Stephen ‘Wonderboy’ Thompson may never be champion of the welterweight division, but he stands as one of the UFC’s most difficult roadblocks to success.
Tyron Woodley did Stephen Thompson no favors by becoming champion during the South Carolina karateka’s initial rise to prominence in the UFC. Woodley’s intensely negative style, combined with fearsome speed and power provided precisely the right antidote to slam the door on ‘Wonderboy’’s UFC title hopes. After all, to paraphrase my esteemed cohort Connor Ruebusch, Thompson really only gives two options in the cage. Opponents either have to try and walk through him, or they have to simply not fight him.
Matt Brown found hard earned success with the former, but for Darren Till and Tyron Woodley, the latter became their razor thin path to victory. For everyone else, (excepting Anthony Pettis) caught somewhere between the two options, Thompson has always come out ahead.

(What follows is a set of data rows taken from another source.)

(* Let $\sigma>0$. There exists $R_0=R_0(\sigma,m,n)\ge1$ such that for every $R\ge R_0$ and every $i\in\mathbb{N}$ the following holds. Let $B\subseteq\mathcal{L}^{mn}$ be a ball of radius $\rho(B)<R^{-(m+n)(1+i)}$ such that $\|A\|_\infty\le\sigma$ for all $A\in B$, and suppose there is no pair $(\mathbf{q},A)$ with $\mathbf{q}\in\mathbb{F}[X]^{m+n}$, $A\in B$ satisfying both $$0<\max_{1\le l'\le n}|q_{l'}|<\delta^*R^{m(1+i)}\quad\text{and}\quad \max_{1\le l\le m}|\mathbf{q}\cdot\mathrm{col}_l(\tilde A^* )|<\delta^*R^{-n(1+i)-m}.$$ Then the set of $\mathbf{q}\in\mathbb{F}[X]^{m+n}$ for which there exists $A\in B$ with $$0<\max_{1\le l\le m}|q_l|<\delta R^{n(\tau+i+1)}\quad\text{and}\quad \max_{1\le l'\le n}|\mathbf{q}\cdot \mathrm{col}_{l'}(\tilde A)|<\delta R^{-m(\tau+i+1)-n}$$ contains at most $n$ vectors that are linearly independent over $\mathcal{L}$.
   Context: $\mathbb{F}$ is the finite field with $k$ elements, $\mathcal{L}=\mathbb{F}((X^{-1}))$ with absolute value $|x|=k^{n}$ where $X^n$ is the leading term of $x$, $\|\mathbf{x}\|_\infty=\max_i|x_i|$; $m\times n$ matrices over $\mathcal{L}$ are identified with $\mathcal{L}^{mn}$ (norm = max of absolute values of entries). For $\mathbf{x},\mathbf{y}\in\mathcal{L}^{m+n}$, $\mathbf{x}\cdot\mathbf{y}=\sum x_iy_i$; $\mathbf{q}=(q_1,\dots,q_{m+n})$. For $A\in\mathcal{L}^{mn}$ define the $(m+n)\times(m+n)$ matrices $\tilde A=\begin{pmatrix}A&I_m\\ I_n&0\end{pmatrix}$ and $\tilde A^*=\begin{pmatrix}A^T&I_n\\ I_m&0\end{pmatrix}$, and $\mathrm{col}_j(M)$ denotes the $j$-th column of $M$. For $R\ge1$ put $\delta=R^{-m(m+n)^2}$, $\delta^*=R^{-n(m+n)^2}$, $\tau=m/(m+n)$. *)

theory Defs
  imports Complex_Main "HOL-Computational_Algebra.Formal_Laurent_Series"
          "HOL-Computational_Algebra.Polynomial"
begin

text \<open>The field L = F((X^-1)) is modelled by the library type of formal Laurent series
  'a fls in a variable T with finitely many negative powers, where T plays the role of X^-1.
  Thus X corresponds to fls_X_inv, and the leading term X^N of a nonzero x corresponds to
  the lowest T-power T^(-N), i.e. N = - fls_subdegree x.\<close>

definition labs :: "'a::{field,finite} fls \<Rightarrow> real" where
  "labs x = (if x = 0 then 0 else real (card (UNIV :: 'a set)) powi (- fls_subdegree x))"

definition poly_to_L :: "'a::field poly \<Rightarrow> 'a fls" where
  "poly_to_L p = (\<Sum>j\<le>degree p. fls_const (coeff p j) * fls_X_inv ^ j)"

text \<open>Matrices are functions row => column => entry, indices starting at 0.\<close>
definition matnorm :: "nat \<Rightarrow> nat \<Rightarrow> (nat \<Rightarrow> nat \<Rightarrow> 'a::{field,finite} fls) \<Rightarrow> real" where
  "matnorm m n A = Max {labs (A i j) | i j. i < m \<and> j < n}"

definition matball :: "nat \<Rightarrow> nat \<Rightarrow> (nat \<Rightarrow> nat \<Rightarrow> 'a::{field,finite} fls) \<Rightarrow> real
    \<Rightarrow> (nat \<Rightarrow> nat \<Rightarrow> 'a fls) set" where
  "matball m n A0 r = {A. (\<forall>i j. \<not> (i < m \<and> j < n) \<longrightarrow> A i j = 0) \<and>
                          matnorm m n (\<lambda>i j. A i j - A0 i j) \<le> r}"

text \<open>tilde A = [[A, I_m],[I_n, 0]] for an m x n matrix A; a (m+n) x (m+n) matrix.\<close>
definition tildeA :: "nat \<Rightarrow> nat \<Rightarrow> (nat \<Rightarrow> nat \<Rightarrow> 'a::field fls) \<Rightarrow> nat \<Rightarrow> nat \<Rightarrow> 'a fls" where
  "tildeA m n A r c =
     (if r < m then (if c < n then A r c else if c - n = r then 1 else 0)
      else (if c < n then (if r - m = c then 1 else 0) else 0))"

text \<open>tilde A^* = [[A^T, I_n],[I_m, 0]]; a (m+n) x (m+n) matrix.\<close>
definition tildeA_star :: "nat \<Rightarrow> nat \<Rightarrow> (nat \<Rightarrow> nat \<Rightarrow> 'a::field fls) \<Rightarrow> nat \<Rightarrow> nat \<Rightarrow> 'a fls" where
  "tildeA_star m n A r c =
     (if r < n then (if c < m then A c r else if c - m = r then 1 else 0)
      else (if c < m then (if r - n = c then 1 else 0) else 0))"

definition col :: "(nat \<Rightarrow> nat \<Rightarrow> 'b) \<Rightarrow> nat \<Rightarrow> nat \<Rightarrow> 'b" where
  "col M j = (\<lambda>r. M r j)"

definition dotp :: "nat \<Rightarrow> (nat \<Rightarrow> 'b::comm_semiring_1) \<Rightarrow> (nat \<Rightarrow> 'b) \<Rightarrow> 'b" where
  "dotp d x y = (\<Sum>r<d. x r * y r)"

definition lin_indep :: "nat \<Rightarrow> nat \<Rightarrow> (nat \<Rightarrow> nat \<Rightarrow> 'b::field) \<Rightarrow> bool" where
  "lin_indep d t w \<longleftrightarrow>
     (\<forall>c. (\<forall>j<d. (\<Sum>s<t. c s * w s j) = 0) \<longrightarrow> (\<forall>s<t. c s = 0))"

end

theory Submission
  imports Defs "Jordan_Normal_Form.Determinant" "HOL-Library.Function_Algebras"
    "HOL-Library.Cardinality"
begin

text \<open>
  Let A be the centre of B and \<Lambda> = M F[X]^(m+n) with M = [[I_m, 0], [A^T, I_n]], so that
  det M = 1.  Choose integer weights e1, e2 (one for the first m and one for the last n
  coordinates) so that every primal solution v, whose matrix A' lies within the radius of B
  of A, gives a lattice point M v of weighted degree at most 0, while m e1 + n e2 < 0.
  A reduced basis M q_1, ..., M q_(m+n) of \<Lambda> has weighted degrees \<mu>_j with
  \<Sum> \<mu>_j \<ge> -(m e1 + n e2) > 0.  If n + 1 independent primal solutions existed, at least n + 1
  of the \<mu>_j would be \<le> 0, so the largest one, \<mu>, satisfies (m - 1) \<mu> \<ge> -(m e1 + n e2).
  The dual basis vector belonging to the basis vector of degree \<mu> is a nonzero polynomial
  vector whose dual linear forms have degrees at most -e_i - \<mu>, and this is a dual solution
  excluded by hypothesis.
\<close>

hide_const (open) Matrix.col

section \<open>Degrees in the field of Laurent series\<close>

text \<open>With T = X^-1, deg_le x D says that x has X-degree at most D, i.e. |x| \<le> k^D,
  and is_poly x says that x lies in F[X].\<close>

definition deg_le :: "'a::field fls \<Rightarrow> int \<Rightarrow> bool" where
  "deg_le x D \<longleftrightarrow> (\<forall>j < -D. fls_nth x j = 0)"

definition is_poly :: "'a::field fls \<Rightarrow> bool" where
  "is_poly x \<longleftrightarrow> (\<forall>j > 0. fls_nth x j = 0)"

lemma deg_le_0 [simp]: "deg_le 0 D"
  by (simp add: deg_le_def)

lemma deg_le_add: "deg_le x D \<Longrightarrow> deg_le y D \<Longrightarrow> deg_le (x + y) D" by (simp add: deg_le_def)

lemma deg_le_sum: "(\<And>j. j \<in> S \<Longrightarrow> deg_le (f j) D) \<Longrightarrow> deg_le (\<Sum>j\<in>S. f j) D"
  by (induction S rule: infinite_finite_induct) (auto intro: deg_le_add)

lemma deg_le_iff_subdegree: "deg_le x D \<longleftrightarrow> x = 0 \<or> - D \<le> fls_subdegree x"
proof
  assume "deg_le x D" thus "x = 0 \<or> - D \<le> fls_subdegree x"
    by (metis deg_le_def fls_subdegree_geI)
next
  assume "x = 0 \<or> - D \<le> fls_subdegree x" thus "deg_le x D"
    by (auto simp: deg_le_def)
qed

lemma deg_le_mult: "deg_le x a \<Longrightarrow> deg_le y b \<Longrightarrow> deg_le (x * y) (a + b)"
  by (cases "x = 0 \<or> y = 0") (auto simp: deg_le_iff_subdegree fls_subdegree_mult)

lemma fls_nth_mult_deg_le:
  fixes x y :: "'a::field fls"
  assumes "deg_le x a" "deg_le y b"
  shows "fls_nth (x * y) (-(a + b)) = fls_nth x (-a) * fls_nth y (-b)"
proof (cases "x = 0 \<or> y = 0")
  case False
  hence sx: "-a \<le> fls_subdegree x" and sy: "-b \<le> fls_subdegree y"
    using assms by (auto simp: deg_le_iff_subdegree)
  show ?thesis
  proof (cases "fls_subdegree x = -a \<and> fls_subdegree y = -b")
    case True
    then show ?thesis using fls_times_nth(4)[of x y "-(a + b)"] by simp
  next
    case False
    hence "fls_nth x (-a) = 0 \<or> fls_nth y (-b) = 0" using sx sy by auto
    moreover have "fls_nth (x * y) (-(a + b)) = 0"
      using False sx sy by (intro fls_times_nth_eq0) auto
    ultimately show ?thesis by auto
  qed
qed auto

lemma deg_le_prod: "(\<And>i. i \<in> S \<Longrightarrow> deg_le (f i) (g i)) \<Longrightarrow> deg_le (\<Prod>i\<in>S. f i) (\<Sum>i\<in>S. g i)"
proof (induction S rule: infinite_finite_induct)
  case (infinite A) thus ?case by (simp add: deg_le_def)
next
  case empty thus ?case by (simp add: deg_le_def)
next
  case (insert x F) thus ?case by (simp add: deg_le_mult)
qed

lemma deg_le_monom: "deg_le (fls_const c * fls_X_inv ^ k) (int k)"
  by (simp add: deg_le_def)

lemma is_poly_0 [simp]: "is_poly 0"
  by (simp add: is_poly_def)

lemma is_poly_1 [simp]: "is_poly 1"
  by (simp add: is_poly_def)

lemma is_poly_add: "is_poly x \<Longrightarrow> is_poly y \<Longrightarrow> is_poly (x + y)" by (simp add: is_poly_def)

lemma is_poly_diff: "is_poly x \<Longrightarrow> is_poly y \<Longrightarrow> is_poly (x - y)" by (simp add: is_poly_def)

lemma is_poly_const: "is_poly (fls_const c)" by (simp add: is_poly_def)

lemma is_poly_monom: "is_poly (fls_const c * fls_X_inv ^ k)" by (simp add: is_poly_def)

lemma is_poly_mult:
  fixes x y :: "'a::field fls"
  assumes "is_poly x" "is_poly y" shows "is_poly (x * y)"
  unfolding is_poly_def
proof (intro allI impI)
  fix j :: int assume j: "j > 0"
  have "fls_nth (x * y) j = (\<Sum>i=fls_subdegree x..j - fls_subdegree y. fls_nth x i * fls_nth y (j - i))"
    by (rule fls_times_nth(2))
  also have "\<dots> = 0"
  proof (rule sum.neutral, intro ballI)
    fix i assume "i \<in> {fls_subdegree x..j - fls_subdegree y}"
    show "fls_nth x i * fls_nth y (j - i) = 0"
    proof (cases "i > 0")
      case True thus ?thesis using assms(1) by (simp add: is_poly_def)
    next
      case False thus ?thesis using assms(2) j by (simp add: is_poly_def)
    qed
  qed
  finally show "fls_nth (x * y) j = 0" .
qed

lemma is_poly_sum: "(\<And>j. j \<in> S \<Longrightarrow> is_poly (f j)) \<Longrightarrow> is_poly (\<Sum>j\<in>S. f j)"
  by (induction S rule: infinite_finite_induct) (auto intro: is_poly_add)

lemma is_poly_prod: "(\<And>j. j \<in> S \<Longrightarrow> is_poly (f j)) \<Longrightarrow> is_poly (\<Prod>j\<in>S. f j)"
  by (induction S rule: infinite_finite_induct) (auto intro: is_poly_mult)

lemma is_poly_of_int: "is_poly (of_int z :: 'a::field fls)"
  by (simp add: fls_of_int is_poly_const)

lemma is_poly_deg_le_neg: "is_poly x \<Longrightarrow> deg_le x D \<Longrightarrow> D < 0 \<Longrightarrow> x = 0"
  unfolding is_poly_def deg_le_def
  by (metis fls_zero_eqI linorder_not_le order_le_less_trans neg_0_less_iff_less)

lemma is_poly_subdegree_le: "is_poly x \<Longrightarrow> x \<noteq> 0 \<Longrightarrow> fls_subdegree x \<le> 0"
  by (metis nth_fls_subdegree_nonzero is_poly_def not_le)

lemma poly_to_L_nth: "fls_nth (poly_to_L p) j = (if j \<le> 0 then coeff p (nat (-j)) else 0)"
proof -
  have "fls_nth (poly_to_L p) j = (\<Sum>t\<le>degree p. coeff p t * (if j = - int t then 1 else 0))"
    unfolding poly_to_L_def fls_nth_sum by (simp add: fls_X_inv_power_nth)
  also have "\<dots> = (\<Sum>t\<in>{..degree p} \<inter> {t. j = - int t}. coeff p t)"
    by (simp add: sum.inter_restrict if_distrib cong: if_cong)
  also have "\<dots> = (if j \<le> 0 then coeff p (nat (-j)) else 0)"
  proof (cases "j \<le> 0")
    case True
    show ?thesis
    proof (cases "nat (-j) \<le> degree p")
      case True2: True
      have "{..degree p} \<inter> {t. j = - int t} = {nat (-j)}" using True True2 by auto
      thus ?thesis using True by simp
    next
      case False
      have "{..degree p} \<inter> {t. j = - int t} = {}" using True False by auto
      thus ?thesis using True False by (simp add: coeff_eq_0)
    qed
  next
    case False
    have "{..degree p} \<inter> {t. j = - int t} = {}" using False by auto
    thus ?thesis using False by simp
  qed
  finally show ?thesis .
qed

lemma is_poly_poly_to_L: "is_poly (poly_to_L p)"
  by (simp add: is_poly_def poly_to_L_nth)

For the large part Thompson’s success in the UFC can be tracked back to one thing: footwork. While his kickboxing record may be far less meaningful than his 58-0 accounting would make it seem, his ring-craft has translated wonderfully to MMA—where his management of distance and timing have put him far ahead of a a talent pool that, too often, overlooks both. Even a fighter as talented as Jorge Masvidal found himself utterly flummoxed trying to close into the middle distance on Thompson to land punches.
That command of open space for Thompson has allowed him to subvert one of the most difficult defensive choices in MMA, only rarely to his own detriment. The high guard is classic basic striking fundamentals stuff, but in a sport where takedowns are available and gloves are small, using it is a fraught proposition. The fighter that relies on covering up when strikes are incoming is often that much more likely to get overwhelmed by offense. Thompson almost never does it, and a 78% takedown defense and one career KO loss has been the benefit. Wonderboy’s hands low style may present an inviting target for headhunting punchers, but actually finding that mark has been an incredibly challenging task.
And for Geoff Neal that has the look of a challenge he’s never faced before. Thompson’s record is dotted with similar matchups. The aforementioned Jorge Masvidal, the previously streaking Vicente Luque, fans can even go all the way back to 2013 and Thompson’s knockout win over future middleweight kind Robert Whittaker. All these men are solid, fundamentally sound boxers who tried, repeatedly, to challenge the former master of the World Combat League fight pit in sustained striking exchanges.
The closest opponent that Neal might have to compare would be… Belal Muhammed? And even then that’s only because ‘Remember the Name’ consistently keeps his feet under him. There aren’t any other real parallels to be drawn. By and large, Neal has never faced someone in the cage that wasn’t either interested in bringing the fight to him, or entirely unable to avoid having Neal bring them the fight instead. If we’re being perfectly honest about the quality of MMA in general, ‘can you keep up with my footwork?’ it’s just not a question many fighters are prepared to ask.
Still, (and perhaps unfortunately for Neal’s southpaw stylings) if there is a trick to beating Thompson, it seems to come from an exceptionally well timed right hand. In both fights against Woodley, Thompson was caught lunging in by the counter right. And against Pettis, a brief bounce off the cage gave ‘Showtime’ that momentary advantage to throw off Thompson’s gauge of speed and timing to land an absolute bomb off the orthodox side. The only punch to ever put Thompson out cold.
Those facts may be largely down to a numbers game. After all, Darren Till and Johny Hendricks are the only southpaws that Thompson has faced to date. So it’s not much surprise that of the five times he’s been dropped in the UFC, four have come off rights—three of those off the counter. Maybe that will make Neal a more unique challenge than he otherwise appears. Someone who can deliver the same kind of speed and precision that Till had to offer, but with much more pace and volume to go with it.
Or, perhaps, the fact that Neal works at nearly three times the rate of the Team Kaobon talent will make him that much more likely to walk into the counter shots that Till largely avoided. Fascinatingly, Thompson has never been beaten by an opponent who lands significant strikes at a higher rate than he does. Matt Brown is the only one who comes close, with 3.8 per-minute (compared to Thompson’s 3.9). Woodley and Till are firmly down in the twos, with Pettis hitting right around three even.
The more active an opponent is, the more chances they seem to give Thompson. And Thompson has never faced an opponent as active as Geoff Neal.
That may be the fundamental piece that puts Neal’s back against the proverbial wall on Saturday night. Thompson’s style is built to confound the basic meta of current high level MMA. One that values pace and output over all else. It’s a problem unlike anything Neal has had to solve to date.
If he can crack the code on Saturday night, the victory should prove a real turning point in his career. An announcement that he truly is a special kind of talent in the welterweight division. If, on the other hand, he can’t. Then we’ll have reaffirmed something that’s already been made terribly clear: there are few problems as difficult to solve in MMA as Stephen Thompson.